The silence inside my head was louder than the screaming of the first years outside in the hallway.
The Callus was a tomb. The blast door to his consciousness remained sealed tight. I had spent the last hour trying to coax him but he simply wasn't responding.
So I stopped knocking.
Assuming he was their at all - If he wanted to sit in the dark and watch the world go by through a keyhole, let him. If he wouldn’t drive, I would.
I was Ronan Sunstrider. It was time the Empire was reminded what that name actually meant.
I turned my attention back to the glass. The reflection staring back was no longer the scrawny, dishevelled boy from the slums. I straightened my spine, feeling the phantom weight of a hundred battles settle onto my frame.
The tailor had earned his triple fee. The uniform was a perfect fit.
It was Imperial White—the colour of High Marshals and the shroud of the honoured dead. The fabric was a heavy, military-grade weave that refused to wrinkle. The tunic was stiff, double-breasted, and cut with a precision that turned my silhouette into a rigid line of martial authority. Gold braiding coiled across my chest in the heavy Hussar style, catching the mana-light like liquid fire. The epaulettes were massive, adding a broad, commanding width to my shoulders that demanded space.
I looked at the embroidery on the left breast.
A golden sun, split down the middle by a vertical blade. The Sunstrider Sigil.
It was a flag. A challenge. It was a declaration that House Sunstrider had returned from the ash of history. I was not a student at an Academy; I was a General occupying a hostile territory and it was time I acted like it.
‘If you’re watching, Murphy, take notes,’ I thought, though the silence didn’t even ripple. ‘This is how you command a room.’
I didn't need his snark. I didn't need his clever tricks. I needed the military way. Precise. Absolute. Discipline.
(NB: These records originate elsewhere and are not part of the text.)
function LD_ode_sol :: "real \<Rightarrow> nat \<Rightarrow> (nat \<Rightarrow> complex) \<Rightarrow> (nat \<Rightarrow> complex) \<Rightarrow> nat \<Rightarrow> complex" where
  "LD_ode_sol \<alpha> m a v n =
     (if n < m then v n / of_real (LD_weight_prod \<alpha> 0 n)
      else - (\<Sum>k<m. a k * (LD_ode_sol \<alpha> m a v (n - m + k) * of_real (LD_weight_prod \<alpha> (n - m) k)))
           / of_real (LD_weight_prod \<alpha> (n - m) m))"
  by auto
termination
  by (relation "Wellfounded.measure (\<lambda>(\<alpha>, m, a, v, n). n)") auto

declare LD_ode_sol.simps[simp del]

lemma LD_ode_lhs_LD_ode_sol:
  assumes "0 < \<alpha>" "\<alpha> < 1"
  shows "LD_ode_lhs \<alpha> m a (LD_ode_sol \<alpha> m a v) n = 0"
proof -
  have "LD_ode_sol \<alpha> m a v (n + m)
      = - (\<Sum>k<m. a k * (LD_ode_sol \<alpha> m a v (n + k) * of_real (LD_weight_prod \<alpha> n k)))
        / of_real (LD_weight_prod \<alpha> n m)"
    by (subst LD_ode_sol.simps) (simp add: add.commute)
  then show ?thesis
    unfolding LD_ode_lhs_eq using LD_weight_prod_nonzero[OF assms] by simp
qed

lemma LD_ode_sol_initial:
  assumes "0 < \<alpha>" "\<alpha> < 1" "k < m"
  shows "LD_ode_sol \<alpha> m a v k * of_real (LD_weight_prod \<alpha> 0 k) = v k"
  using assms(3) LD_weight_prod_nonzero[OF assms(1,2)] by (subst LD_ode_sol.simps) simp

lemma LD_ode_initial_values_bij:
  assumes "0 < \<alpha>" "\<alpha> < 1"
  shows "bij_betw (\<lambda>c k. if k < m then c k * of_real (LD_weight_prod \<alpha> 0 k) else 0)
           {c. \<forall>n. LD_ode_lhs \<alpha> m a c n = 0} {v. \<forall>k\<ge>m. v k = 0}"
  (is "bij_betw ?\<Phi> ?R ?V")
proof (rule bij_betw_imageI)
  show "inj_on ?\<Phi> ?R"
  proof (rule inj_onI)
    fix c d
    assume cd: "c \<in> ?R" "d \<in> ?R" "?\<Phi> c = ?\<Phi> d"
    have "LD_ode_lhs \<alpha> m a (c - d) n = 0" for n
      using cd LD_ode_lhs_add[of \<alpha> m a d "c - d" n] by simp
    moreover have "(c - d) k = 0" if "k < m" for k
      using fun_cong[OF cd(3), of k] that LD_weight_prod_nonzero[OF assms] by simp
    ultimately show "c = d"
      using LD_ode_lhs_eq_0_imp_eq_0[OF assms, of m a "c - d"] by (auto simp: fun_eq_iff)
  qed
  show "?\<Phi> ` ?R = ?V"
  proof (intro equalityI subsetI)
    fix v
    assume "v \<in> ?V"
    then have "v = ?\<Phi> (LD_ode_sol \<alpha> m a v)"
      using LD_ode_sol_initial[OF assms] by (auto simp: fun_eq_iff)
    then show "v \<in> ?\<Phi> ` ?R"
      using LD_ode_lhs_LD_ode_sol[OF assms] by blast
  qed auto
qed

theorem mainTheorem16:
  fixes \<alpha> :: real and m :: nat and a :: "nat \<Rightarrow> complex"
  assumes "0 < \<alpha>" "\<alpha> < 1" "m \<ge> 1"
  defines "S \<equiv> {c. entire_ps c \<and>
             (\<forall>t::real. t \<ge> 0 \<longrightarrow>
                ps_eval ((LD \<alpha> ^^ m) c) t + (\<Sum>k<m. a k * ps_eval ((LD \<alpha> ^^ k) c) t) = 0)}"
  defines "\<Phi> \<equiv> (\<lambda>c k. if k < m then ps_eval ((LD \<alpha> ^^ k) c) 0 else 0)"
  shows "module.subspace cscale S
       \<and> vector_space.dim cscale S = m
       \<and> Vector_Spaces.linear cscale cscale \<Phi>
       \<and> bij_betw \<Phi> S {v. \<forall>k\<ge>m. v k = 0}"
proof -
  have S: "S = {c. \<forall>n. LD_ode_lhs \<alpha> m a c n = 0}"
    unfolding S_def using LD_ode_solutions_eq[OF assms(1,2)] .
  have \<Phi>: "\<Phi> = (\<lambda>c k. if k < m then c k * of_real (LD_weight_prod \<alpha> 0 k) else 0)"
    unfolding \<Phi>_def LD_funpow_at_0 ..
  have subspace: "seq.subspace S"
    unfolding seq.subspace_def S by (simp add: LD_ode_lhs_add LD_ode_lhs_cscale LD_ode_lhs_zero)
  have linear: "Vector_Spaces.linear cscale cscale \<Phi>"
    unfolding Vector_Spaces.linear_iff \<Phi> using seq.vector_space_axioms
    by (auto simp: cscale_def fun_eq_iff algebra_simps)
  have bij: "bij_betw \<Phi> S {v. \<forall>k\<ge>m. v k = 0}"
    unfolding S \<Phi> by (rule LD_ode_initial_values_bij[OF assms(1,2)])
  have "seq.dim S = seq.dim (\<Phi> ` S)"
    using seq_pair.dim_image_eq_inj_on[OF linear subspace] bij by (simp add: bij_betw_def)
  also have "\<dots> = m"
    using bij dim_eventually_zero_sequences by (simp add: bij_betw_def)
  finally show ?thesis
    using subspace linear bij by blast
qed

end
(* Merging only multiplies adjacent entries, so every y below x is the list of products of a
   partition of x into consecutive nonempty blocks. Since the lengths of the entries of x already
   add up to the minimal length of g and the length is subadditive, every merge along a chain of
   factorizations adds lengths: L turns merges into merges, and merges of L(x) lift back to merges
   of x. The partition, and hence y, is recovered from L(y) because all interior entries of L(x)
   are positive. *)

lemma mprod_Nil [simp]: "mprod M [] = \<one>\<^bsub>M\<^esub>"
  by (simp add: mprod_def)

lemma mprod_Cons [simp]: "mprod M (x # xs) = x \<otimes>\<^bsub>M\<^esub> mprod M xs"
  by (simp add: mprod_def)

lemma merge_step_intro: "merge_step M (C @ a # b # D) (C @ a \<otimes>\<^bsub>M\<^esub> b # D)"
  unfolding merge_step_def merge_at_def by (intro exI[of _ "length C"]) (simp add: nth_append)

lemma merge_step_iff:
  "merge_step M xs ys \<longleftrightarrow> (\<exists>C a b D. xs = C @ a # b # D \<and> ys = C @ a \<otimes>\<^bsub>M\<^esub> b # D)"
proof
  assume "merge_step M xs ys"
  then obtain i where i: "Suc i < length xs" "ys = merge_at M i xs"
    unfolding merge_step_def by blast
  have "xs = take i xs @ xs ! i # xs ! Suc i # drop (Suc (Suc i)) xs"
    using i(1) by (metis Cons_nth_drop_Suc Suc_lessD append_take_drop_id)
  with i(2) show "\<exists>C a b D. xs = C @ a # b # D \<and> ys = C @ a \<otimes>\<^bsub>M\<^esub> b # D"
    unfolding merge_at_def by (metis append_Cons append_Nil)
qed (auto intro: merge_step_intro)

lemma wlen_le: "set w \<subseteq> S \<Longrightarrow> wlen M S (mprod M w) \<le> length w"
  unfolding wlen_def by (rule Least_le) auto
I reached into the Inventory, the conceptual weight of the void shifting as I bypassed the junk and the laundry.
SHING.
I drew a proper sword. This wasn't a decorative piece; it was a heavy, double-edged blade of tempered star-steel, the cross guard simple and functional. It had weight. It had history. I slid it into a blackened leather scabbard and clipped it to my belt with a sharp, metallic CLACK.
I walked toward the door, my polished boots striking the stone floor with the rhythmic finality of a drumbeat.
I marched out of the room. My boots—polished to a mirror shine—cracked against the stone floor like pistol shots.
The House Argent Common Room was already filled with the smell of cheap perfume and panic. Students were milling about in various states of formal distress, adjusting ill-fitting doublets and tugging at hemlines.
When I reached the bottom of the stairs, the conversation died.
It didn't taper off; it was severed. Heads turned. Eyes widened. A few people actually took a step back, their instincts recognizing authority before their brains caught up.
I ignored them, scanning the room for my team.
They were huddled near the fireplace. Finn was... visible. He was wearing a crushed velvet suit in a shade of purple that could only be described as a crime against eyesight. He looked like a decorative pillow that had gained sentience and deep-seated anxiety.
Pippa and Kael were more subdued. Kael looked like a boulder forced into a suit, looking ready to burst the seams if he flexed, while Pippa wore a simple green dress that made her blend into the curtains.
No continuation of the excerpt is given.